À Montréal, le SPVM compte plusieurs équipes chargées des interventions spécialisées, comme l’EMRII (Équipe mobile de référence et d’intervention en itinérance), l’ESUP (Équipe de soutien aux urgences psychosociales) formée d’un duo policier et travailleur social, et les patrouilleurs RIC (réponse en intervention de crise), qui sont au nombre de 275. « Le travail passe beaucoup par le maillage avec les partenaires de la santé.

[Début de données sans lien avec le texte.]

(* Let $F$ be the CDF of a probability measure on $\mathbb{R}$, and for $z\ge0$ define $G_z(x)=\max\{0,F(x)-z\}$ for $x<0$ and $G_z(x)=\min\{1,F(x)+z\}$ for $x\ge0$. Then there exists $z\ge0$ such that $G_z$ is the CDF of a measure in $\mathcal{L}$ that minimizes $\sup_{x\in\mathbb{R}}|F(x)-G(x)|$ over all CDFs $G$ of measures in $\mathcal{L}$.
   Context: $\epsilon>0$, $B>0$. $\mathcal{L}=\{\eta\in\mathcal{P}(\mathbb{R}):\mathbb{E}_\eta|X|^{1+\epsilon}\le B\}$, where $\mathcal{P}(\mathbb{R})$ is the set of Borel probability measures on $\mathbb{R}$. *)

theory Defs
  imports "HOL-Probability.Probability"
begin

definition moment_class :: "real \<Rightarrow> real \<Rightarrow> real measure set" where
  "moment_class eps B = {\<eta>. real_distribution \<eta> \<and>
     (\<integral>\<^sup>+ x. ennreal (\<bar>x\<bar> powr (1 + eps)) \<partial>\<eta>) \<le> ennreal B}"

definition shiftG :: "(real \<Rightarrow> real) \<Rightarrow> real \<Rightarrow> real \<Rightarrow> real" where
  "shiftG F z x = (if x < 0 then max 0 (F x - z) else min 1 (F x + z))"

end

theory Submission
  imports Defs
begin

(* Let F = cdf mu. If sup_x |F x - cdf eta x| <= d, then for r >= 0 the measure eta gives
   (r, oo) at least max 0 (1 - F r - d) and (-oo, -r) at least max 0 (mu (-oo, -r) - d), and
   the distribution with CDF G_d attains both bounds. By the layer-cake formula
   E |X|^p = int_0^oo P(|X| > s^(1/p)) ds, G_d thus has the least p-th absolute moment among
   all distributions within Kolmogorov distance d of mu. This moment decreases in z, vanishes
   at z = 1, and by Fatou's lemma (the tails of G_z depend continuously on z) the set of z
   where it is at most B is closed. Its least element is the optimal distance, and G_z
   attains it. *)

lemma nn_integral_layer_cake:
  assumes "sigma_finite_measure M" and [measurable]: "g \<in> borel_measurable M"
  shows "(\<integral>\<^sup>+x. ennreal (g x) \<partial>M) =
    (\<integral>\<^sup>+s\<in>{0..}. emeasure M {x\<in>space M. s < g x} \<partial>lborel)"
proof -
  interpret pair_sigma_finite M lborel
    using assms(1) lborel.sigma_finite_measure_axioms by (rule pair_sigma_finite.intro)
  have "ennreal t = (\<integral>\<^sup>+s. indicator {0..<t} s \<partial>lborel)" for t :: real
    by (cases "0 \<le> t") (simp_all add: ennreal_neg)
  then have "(\<integral>\<^sup>+x. ennreal (g x) \<partial>M) =
      (\<integral>\<^sup>+x. (\<integral>\<^sup>+s. of_bool (0 \<le> s \<and> s < g x) \<partial>lborel) \<partial>M)"
    by (simp add: indicator_def of_bool_def)
  also have "\<dots> = (\<integral>\<^sup>+s. (\<integral>\<^sup>+x. of_bool (0 \<le> s \<and> s < g x) \<partial>M) \<partial>lborel)"
    by (rule Fubini'[symmetric]) measurable
  also have "\<dots> = (\<integral>\<^sup>+s\<in>{0..}. emeasure M {x\<in>space M. s < g x} \<partial>lborel)"
  proof (intro nn_integral_cong)
    fix s :: real
    have "(\<integral>\<^sup>+x. of_bool (0 \<le> s \<and> s < g x) \<partial>M) =
        (\<integral>\<^sup>+x. indicator {x\<in>space M. s < g x} x * indicator {0..} s \<partial>M)"
      by (intro nn_integral_cong) (auto simp: indicator_def)
    then show "(\<integral>\<^sup>+x. of_bool (0 \<le> s \<and> s < g x) \<partial>M) =
        emeasure M {x\<in>space M. s < g x} * indicator {0..} s"
      by (simp add: nn_integral_multc)
  qed
  finally show ?thesis .
qed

L’équipe mixte permet d’agir et de prendre en charge les personnes dès le début », explique Marie-Claude Dandenault, inspectrice à la Division de la prévention et de la sécurité urbaine.
Le président de la Fraternité des policiers du Québec, Yves Francoeur, estime toutefois que les équipes spécialisées sont en nombre bien insuffisant. Il dénonce aussi le phénomène des « portes tournantes », qui fait en sorte que des individus que les policiers conduisent à l’urgence ne sont pas pris en charge par l’hôpital. « Les policiers sont encore dans le stationnement de l’urgence en train de rédiger leur rapport quand ils voient la personne sortir de l’hôpital », dit-il.
L’an dernier, Yanick Campagna, un patrouilleur du SPVQ, avait d’ailleurs été suspendu après s’en être pris aux infirmiers d’un hôpital qui avaient refusé de voir un patient psychiatrique. Cité en déontologie, il avait dénoncé le phénomène des portes tournantes. En novembre 2019, il avait pu rencontrer la ministre de la Santé de l’époque, Danielle McCann, afin de la sensibiliser à cet enjeu.